Every line in the data below from the one containing "by (rule sum.cong)" down to the one containing "using composition_weight_sum_Suc[of w", both included, must be retyped exactly; no other line is to appear.

Data records section start

(* For every integer $n\ge2$, $$F_{n-2}=\sum_{(a_1,\dots,a_k)\in C(n)}\Bigl\lfloor\frac{a_1-1}{2}\Bigr\rfloor\cdots\Bigl\lfloor\frac{a_k-1}{2}\Bigr\rfloor.$$
   Context: $C(n)$ is the set of all compositions $(a_1,\dots,a_k)$ of $n$ (sequences of positive integers with sum $n$, any number of parts). Fibonacci numbers: $F_0=0$, $F_1=1$, $F_n=F_{n-1}+F_{n-2}$. *)

theory Defs
  imports Main "HOL-Number_Theory.Fib"
begin

definition compositions :: "nat \<Rightarrow> nat list set" where
  "compositions n = {as. (\<forall>a\<in>set as. 0 < a) \<and> sum_list as = n}"

end

theory Submission
  imports Defs
begin

text \<open>
  Let \<open>S n\<close> be the weighted sum over compositions of \<open>n\<close>, each part \<open>a\<close> weighted by
  \<open>w a = \<lfloor>(a - 1)/2\<rfloor>\<close>. Splitting off the first part gives the convolution
  \<open>S (n+1) = \<Sum>a. w (a+1) S (n - a)\<close>. Since \<open>w 1 = w 2 = 0\<close> and \<open>w (a+2) = w a + 1\<close>,
  this convolution for \<open>S (n+2)\<close> reproduces the one for \<open>S n\<close> plus all the earlier
  values: \<open>S (n+2) = S n + \<Sum>c<n. S c\<close> for \<open>n \<ge> 1\<close>. Subtracting two consecutive
  instances yields the Fibonacci recurrence, with \<open>S 2 = 0\<close> and \<open>S 3 = 1\<close>.
\<close>

definition composition_weight_sum :: "(nat \<Rightarrow> 'a::comm_semiring_1) \<Rightarrow> nat \<Rightarrow> 'a" where
  "composition_weight_sum w n = (\<Sum>as\<in>compositions n. \<Prod>a\<leftarrow>as. w a)"

lemma finite_compositions: "finite (compositions n)"
proof (rule finite_subset)
  show "compositions n \<subseteq> {xs. set xs \<subseteq> {..n} \<and> length xs \<le> n}"
  proof
    fix xs assume "xs \<in> compositions n"
    hence pos: "\<forall>a\<in>set xs. 0 < a" and sum: "sum_list xs = n" by (auto simp: compositions_def)
    have "length xs \<le> sum_list xs" using pos by (induction xs) auto
    with sum show "xs \<in> {xs. set xs \<subseteq> {..n} \<and> length xs \<le> n}"
      using member_le_sum_list by fastforce
  qed
  show "finite {xs. set xs \<subseteq> {..n} \<and> length xs \<le> n}"
    by (rule finite_lists_length_le) simp
qed

lemma compositions_0 [simp]: "compositions 0 = {[]}"
  by (auto simp: compositions_def) (metis list.exhaust list.set_intros(1) not_gr0)

lemma compositions_Suc:
  "compositions (Suc m) = (\<Union>a<Suc m. (#) (Suc a) ` compositions (m - a))"
proof
  show "compositions (Suc m) \<subseteq> (\<Union>a<Suc m. (#) (Suc a) ` compositions (m - a))"
  proof
    fix xs assume xs: "xs \<in> compositions (Suc m)"
    then obtain a ys where "xs = Suc a # ys" "a < Suc m" "ys \<in> compositions (m - a)"
      by (cases xs) (auto simp: compositions_def gr0_conv_Suc)
    thus "xs \<in> (\<Union>a<Suc m. (#) (Suc a) ` compositions (m - a))" by blast
  qed
qed (auto simp: compositions_def)

lemma composition_weight_sum_0 [simp]: "composition_weight_sum w 0 = 1"
  by (simp add: composition_weight_sum_def)

lemma composition_weight_sum_Suc:
  "composition_weight_sum w (Suc m) =
     (\<Sum>a<Suc m. w (Suc a) * composition_weight_sum w (m - a))"
proof -
  have "composition_weight_sum w (Suc m) =
      (\<Sum>a<Suc m. \<Sum>as\<in>(#) (Suc a) ` compositions (m - a). \<Prod>b\<leftarrow>as. w b)"
    unfolding composition_weight_sum_def compositions_Suc
    by (rule sum.UNION_disjoint) (auto simp: finite_compositions)
  also have "\<dots> = (\<Sum>a<Suc m. w (Suc a) * composition_weight_sum w (m - a))"
    by (rule sum.cong) (simp_all add: sum.reindex composition_weight_sum_def sum_distrib_left)
  finally show ?thesis .
qed

lemma composition_weight_sum_add_three:
  fixes w :: "nat \<Rightarrow> 'a::comm_semiring_1"
  assumes w_step: "\<And>a. w (a + 2) = w a + 1"
  defines "S \<equiv> composition_weight_sum w"
  shows "S (k + 3) = w 1 * S (k + 2) + w 2 * S (k + 1) + S (k + 1) + (\<Sum>c\<le>k. S c)"
proof -
  have "S (k + 3) = (\<Sum>a<Suc (Suc (Suc k)). w (Suc a) * S (Suc (Suc k) - a))"
    using composition_weight_sum_Suc[of w "k + 2"] by (simp add: S_def numeral_3_eq_3)
  also have "\<dots> = w 1 * S (k + 2) + w 2 * S (k + 1) + (\<Sum>a<Suc k. w (Suc a + 2) * S (k - a))"
    unfolding sum.lessThan_Suc_shift by (simp add: add.assoc numeral_2_eq_2)
  also have "(\<Sum>a<Suc k. w (Suc a + 2) * S (k - a)) =
      (\<Sum>a<Suc k. w (Suc a) * S (k - a)) + (\<Sum>a<Suc k. S (k - a))"
    by (simp only: w_step distrib_right sum.distrib mult_1)
  also have "(\<Sum>a<Suc k. w (Suc a) * S (k - a)) = S (k + 1)"
    by (simp add: S_def composition_weight_sum_Suc)
  also have "(\<Sum>a<Suc k. S (k - a)) = (\<Sum>c\<le>k. S c)"
    using sum.nat_diff_reindex[of S "Suc k"] by (simp add: lessThan_Suc_atMost)
  finally show ?thesis by (simp add: add.assoc)
qed

definition half_floor :: "nat \<Rightarrow> int" where
  "half_floor a = \<lfloor>(real a - 1) / 2\<rfloor>"

lemma half_floor_add_two: "half_floor (a + 2) = half_floor a + 1"
proof -
  have "(real (a + 2) - 1) / 2 = (real a - 1) / 2 + 1" by (simp add: field_simps)
  then have "\<lfloor>(real (a + 2) - 1) / 2\<rfloor> = \<lfloor>(real a - 1) / 2\<rfloor> + 1"
    by (metis floor_add_int of_int_1)
  thus ?thesis by (simp add: half_floor_def)
qed

lemma half_floor_1: "half_floor 1 = 0"
  and half_floor_2: "half_floor 2 = 0"
  by (simp_all add: half_floor_def)

abbreviation half_floor_sum :: "nat \<Rightarrow> int" where
  "half_floor_sum \<equiv> composition_weight_sum half_floor"

lemma half_floor_sum_add_three:
  "half_floor_sum (k + 3) = half_floor_sum (k + 1) + (\<Sum>c\<le>k. half_floor_sum c)"
  using composition_weight_sum_add_three[of half_floor k, OF half_floor_add_two]
  unfolding half_floor_1 half_floor_2 by simp

lemma half_floor_sum_1: "half_floor_sum 1 = 0"
  using composition_weight_sum_Suc[of half_floor 0] by (simp add: half_floor_def)

lemma half_floor_sum_2: "half_floor_sum 2 = 0"
  using composition_weight_sum_Suc[of half_floor 1] half_floor_sum_1
  by (simp add: numeral_2_eq_2 half_floor_2[unfolded numeral_2_eq_2])

lemma half_floor_sum_3: "half_floor_sum 3 = 1"
  using half_floor_sum_add_three[of 0] half_floor_sum_1 by (simp add: numeral_3_eq_3)

lemma half_floor_sum_fib_step:
  "half_floor_sum (Suc (Suc k) + 2) = half_floor_sum (Suc k + 2) + half_floor_sum (k + 2)"
  using half_floor_sum_add_three[of "Suc k"] half_floor_sum_add_three[of k]
  by (simp add: numeral_eq_Suc)

lemma half_floor_sum_eq_fib: "half_floor_sum (n + 2) = int (fib n)"
proof (induction n rule: fib.induct)
  case 1
  show ?case using half_floor_sum_2 by (simp add: numeral_2_eq_2)
next
  case 2
  show ?case using half_floor_sum_3 by (simp add: numeral_3_eq_3)
next
  case (3 n)
  with half_floor_sum_fib_step[of n] show ?case by simp
qed

theorem mainTheorem15:
  fixes n :: nat
  assumes "n \<ge> 2"
  shows "int (fib (n - 2)) =
    (\<Sum>as\<in>compositions n. \<Prod>a\<leftarrow>as. \<lfloor>(real a - 1) / 2\<rfloor>)"
proof -
  define k where "k = n - 2"
  with assms have n: "n = k + 2" by simp
  have "int (fib (n - 2)) = half_floor_sum n" using half_floor_sum_eq_fib[of k] n by simp
  also have "\<dots> = (\<Sum>as\<in>compositions n. \<Prod>a\<leftarrow>as. \<lfloor>(real a - 1) / 2\<rfloor>)"
    by (simp add: composition_weight_sum_def half_floor_def)
  finally show ?thesis .
qed

end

Data records section end

- [Written answer]
    by (rule sum.cong) (simp_all add: sum.reindex composition_weight_sum_def sum_distrib_left)
  finally show ?thesis .
qed

lemma composition_weight_sum_add_three:
  fixes w :: "nat \<Rightarrow> 'a::comm_semiring_1"
  assumes w_step: "\<And>a. w (a + 2) = w a + 1"
  defines "S \<equiv> composition_weight_sum w"
  shows "S (k + 3) = w 1 * S (k + 2) + w 2 * S (k + 1) + S (k + 1) + (\<Sum>c\<le>k. S c)"
proof -
  have "S (k + 3) = (\<Sum>a<Suc (Suc (Suc k)). w (Suc a) * S (Suc (Suc k) - a))"
    using composition_weight_sum_Suc[of w "k + 2"] by (simp add: S_def numeral_3_eq_3)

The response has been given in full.